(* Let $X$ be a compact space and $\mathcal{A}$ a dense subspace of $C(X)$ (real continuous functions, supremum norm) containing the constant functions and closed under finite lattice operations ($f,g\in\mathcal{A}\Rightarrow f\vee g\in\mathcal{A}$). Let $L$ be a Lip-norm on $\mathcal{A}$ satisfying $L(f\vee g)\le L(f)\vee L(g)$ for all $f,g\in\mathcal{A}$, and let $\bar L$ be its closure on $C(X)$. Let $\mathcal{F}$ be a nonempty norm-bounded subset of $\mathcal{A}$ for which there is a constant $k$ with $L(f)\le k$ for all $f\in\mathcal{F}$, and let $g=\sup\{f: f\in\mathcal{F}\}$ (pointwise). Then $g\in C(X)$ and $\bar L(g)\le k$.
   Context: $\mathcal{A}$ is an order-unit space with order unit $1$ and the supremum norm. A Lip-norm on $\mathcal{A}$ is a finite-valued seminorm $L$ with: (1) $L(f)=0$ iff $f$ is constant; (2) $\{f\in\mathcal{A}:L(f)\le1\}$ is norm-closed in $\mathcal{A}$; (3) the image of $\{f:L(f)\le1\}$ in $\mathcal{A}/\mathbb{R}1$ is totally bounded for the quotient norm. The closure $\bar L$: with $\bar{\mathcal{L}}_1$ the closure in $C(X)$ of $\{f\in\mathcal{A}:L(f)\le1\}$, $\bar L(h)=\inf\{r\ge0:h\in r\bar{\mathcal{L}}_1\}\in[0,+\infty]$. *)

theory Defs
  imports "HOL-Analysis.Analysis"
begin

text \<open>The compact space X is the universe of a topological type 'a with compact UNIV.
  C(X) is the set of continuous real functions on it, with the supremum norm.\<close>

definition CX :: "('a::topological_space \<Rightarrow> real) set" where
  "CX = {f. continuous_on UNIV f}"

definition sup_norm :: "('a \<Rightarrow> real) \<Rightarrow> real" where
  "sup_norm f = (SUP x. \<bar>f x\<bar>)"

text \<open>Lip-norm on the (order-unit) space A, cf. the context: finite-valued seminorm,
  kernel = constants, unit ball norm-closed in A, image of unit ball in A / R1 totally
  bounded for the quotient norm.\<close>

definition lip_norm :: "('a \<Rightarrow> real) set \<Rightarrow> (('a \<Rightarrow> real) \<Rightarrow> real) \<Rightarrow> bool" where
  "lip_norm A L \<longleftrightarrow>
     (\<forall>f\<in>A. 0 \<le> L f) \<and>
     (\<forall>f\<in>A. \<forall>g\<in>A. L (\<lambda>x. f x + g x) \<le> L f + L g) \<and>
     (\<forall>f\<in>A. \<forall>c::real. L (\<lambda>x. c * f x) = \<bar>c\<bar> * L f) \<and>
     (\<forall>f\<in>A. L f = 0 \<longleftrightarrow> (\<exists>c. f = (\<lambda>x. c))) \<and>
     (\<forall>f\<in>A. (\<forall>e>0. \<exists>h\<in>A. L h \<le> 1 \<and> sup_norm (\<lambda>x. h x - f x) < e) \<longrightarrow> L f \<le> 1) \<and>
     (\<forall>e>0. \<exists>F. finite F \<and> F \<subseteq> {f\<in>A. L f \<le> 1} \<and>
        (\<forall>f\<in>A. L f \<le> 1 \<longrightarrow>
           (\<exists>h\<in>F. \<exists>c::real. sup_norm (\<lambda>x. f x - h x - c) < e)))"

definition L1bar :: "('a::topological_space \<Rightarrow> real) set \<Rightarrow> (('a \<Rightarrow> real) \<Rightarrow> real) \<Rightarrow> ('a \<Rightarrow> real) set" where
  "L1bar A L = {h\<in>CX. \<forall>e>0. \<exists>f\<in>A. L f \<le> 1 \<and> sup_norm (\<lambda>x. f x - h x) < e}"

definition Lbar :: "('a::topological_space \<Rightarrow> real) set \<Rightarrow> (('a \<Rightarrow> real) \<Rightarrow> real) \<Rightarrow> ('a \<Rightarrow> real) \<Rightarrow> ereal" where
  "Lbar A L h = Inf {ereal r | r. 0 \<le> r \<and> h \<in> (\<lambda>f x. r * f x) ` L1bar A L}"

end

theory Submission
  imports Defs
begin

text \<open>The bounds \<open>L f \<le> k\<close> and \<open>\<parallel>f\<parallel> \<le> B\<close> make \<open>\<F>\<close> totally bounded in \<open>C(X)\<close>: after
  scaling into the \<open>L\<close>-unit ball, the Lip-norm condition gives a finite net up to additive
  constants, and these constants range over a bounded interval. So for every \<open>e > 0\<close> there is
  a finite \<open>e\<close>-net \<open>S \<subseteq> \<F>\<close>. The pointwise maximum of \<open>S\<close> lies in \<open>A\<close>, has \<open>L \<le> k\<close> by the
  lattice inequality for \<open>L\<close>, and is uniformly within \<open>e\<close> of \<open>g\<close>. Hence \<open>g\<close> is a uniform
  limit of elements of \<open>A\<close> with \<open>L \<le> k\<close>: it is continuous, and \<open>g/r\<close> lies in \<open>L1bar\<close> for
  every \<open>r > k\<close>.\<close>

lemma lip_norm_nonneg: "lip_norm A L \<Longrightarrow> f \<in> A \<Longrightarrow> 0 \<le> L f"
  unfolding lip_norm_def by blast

Directions for this task: Everything in the listing above should be printed again exactly.

Solution:
(* Let $X$ be a compact space and $\mathcal{A}$ a dense subspace of $C(X)$ (real continuous functions, supremum norm) containing the constant functions and closed under finite lattice operations ($f,g\in\mathcal{A}\Rightarrow f\vee g\in\mathcal{A}$). Let $L$ be a Lip-norm on $\mathcal{A}$ satisfying $L(f\vee g)\le L(f)\vee L(g)$ for all $f,g\in\mathcal{A}$, and let $\bar L$ be its closure on $C(X)$. Let $\mathcal{F}$ be a nonempty norm-bounded subset of $\mathcal{A}$ for which there is a constant $k$ with $L(f)\le k$ for all $f\in\mathcal{F}$, and let $g=\sup\{f: f\in\mathcal{F}\}$ (pointwise). Then $g\in C(X)$ and $\bar L(g)\le k$.
   Context: $\mathcal{A}$ is an order-unit space with order unit $1$ and the supremum norm. A Lip-norm on $\mathcal{A}$ is a finite-valued seminorm $L$ with: (1) $L(f)=0$ iff $f$ is constant; (2) $\{f\in\mathcal{A}:L(f)\le1\}$ is norm-closed in $\mathcal{A}$; (3) the image of $\{f:L(f)\le1\}$ in $\mathcal{A}/\mathbb{R}1$ is totally bounded for the quotient norm. The closure $\bar L$: with $\bar{\mathcal{L}}_1$ the closure in $C(X)$ of $\{f\in\mathcal{A}:L(f)\le1\}$, $\bar L(h)=\inf\{r\ge0:h\in r\bar{\mathcal{L}}_1\}\in[0,+\infty]$. *)

theory Defs
  imports "HOL-Analysis.Analysis"
begin

text \<open>The compact space X is the universe of a topological type 'a with compact UNIV.
  C(X) is the set of continuous real functions on it, with the supremum norm.\<close>

definition CX :: "('a::topological_space \<Rightarrow> real) set" where
  "CX = {f. continuous_on UNIV f}"

definition sup_norm :: "('a \<Rightarrow> real) \<Rightarrow> real" where
  "sup_norm f = (SUP x. \<bar>f x\<bar>)"

text \<open>Lip-norm on the (order-unit) space A, cf. the context: finite-valued seminorm,
  kernel = constants, unit ball norm-closed in A, image of unit ball in A / R1 totally
  bounded for the quotient norm.\<close>

definition lip_norm :: "('a \<Rightarrow> real) set \<Rightarrow> (('a \<Rightarrow> real) \<Rightarrow> real) \<Rightarrow> bool" where
  "lip_norm A L \<longleftrightarrow>
     (\<forall>f\<in>A. 0 \<le> L f) \<and>
     (\<forall>f\<in>A. \<forall>g\<in>A. L (\<lambda>x. f x + g x) \<le> L f + L g) \<and>
     (\<forall>f\<in>A. \<forall>c::real. L (\<lambda>x. c * f x) = \<bar>c\<bar> * L f) \<and>
     (\<forall>f\<in>A. L f = 0 \<longleftrightarrow> (\<exists>c. f = (\<lambda>x. c))) \<and>
     (\<forall>f\<in>A. (\<forall>e>0. \<exists>h\<in>A. L h \<le> 1 \<and> sup_norm (\<lambda>x. h x - f x) < e) \<longrightarrow> L f \<le> 1) \<and>
     (\<forall>e>0. \<exists>F. finite F \<and> F \<subseteq> {f\<in>A. L f \<le> 1} \<and>
        (\<forall>f\<in>A. L f \<le> 1 \<longrightarrow>
           (\<exists>h\<in>F. \<exists>c::real. sup_norm (\<lambda>x. f x - h x - c) < e)))"

definition L1bar :: "('a::topological_space \<Rightarrow> real) set \<Rightarrow> (('a \<Rightarrow> real) \<Rightarrow> real) \<Rightarrow> ('a \<Rightarrow> real) set" where
  "L1bar A L = {h\<in>CX. \<forall>e>0. \<exists>f\<in>A. L f \<le> 1 \<and> sup_norm (\<lambda>x. f x - h x) < e}"

definition Lbar :: "('a::topological_space \<Rightarrow> real) set \<Rightarrow> (('a \<Rightarrow> real) \<Rightarrow> real) \<Rightarrow> ('a \<Rightarrow> real) \<Rightarrow> ereal" where
  "Lbar A L h = Inf {ereal r | r. 0 \<le> r \<and> h \<in> (\<lambda>f x. r * f x) ` L1bar A L}"

end

theory Submission
  imports Defs
begin

text \<open>The bounds \<open>L f \<le> k\<close> and \<open>\<parallel>f\<parallel> \<le> B\<close> make \<open>\<F>\<close> totally bounded in \<open>C(X)\<close>: after
  scaling into the \<open>L\<close>-unit ball, the Lip-norm condition gives a finite net up to additive
  constants, and these constants range over a bounded interval. So for every \<open>e > 0\<close> there is
  a finite \<open>e\<close>-net \<open>S \<subseteq> \<F>\<close>. The pointwise maximum of \<open>S\<close> lies in \<open>A\<close>, has \<open>L \<le> k\<close> by the
  lattice inequality for \<open>L\<close>, and is uniformly within \<open>e\<close> of \<open>g\<close>. Hence \<open>g\<close> is a uniform
  limit of elements of \<open>A\<close> with \<open>L \<le> k\<close>: it is continuous, and \<open>g/r\<close> lies in \<open>L1bar\<close> for
  every \<open>r > k\<close>.\<close>

lemma lip_norm_nonneg: "lip_norm A L \<Longrightarrow> f \<in> A \<Longrightarrow> 0 \<le> L f"
  unfolding lip_norm_def by blast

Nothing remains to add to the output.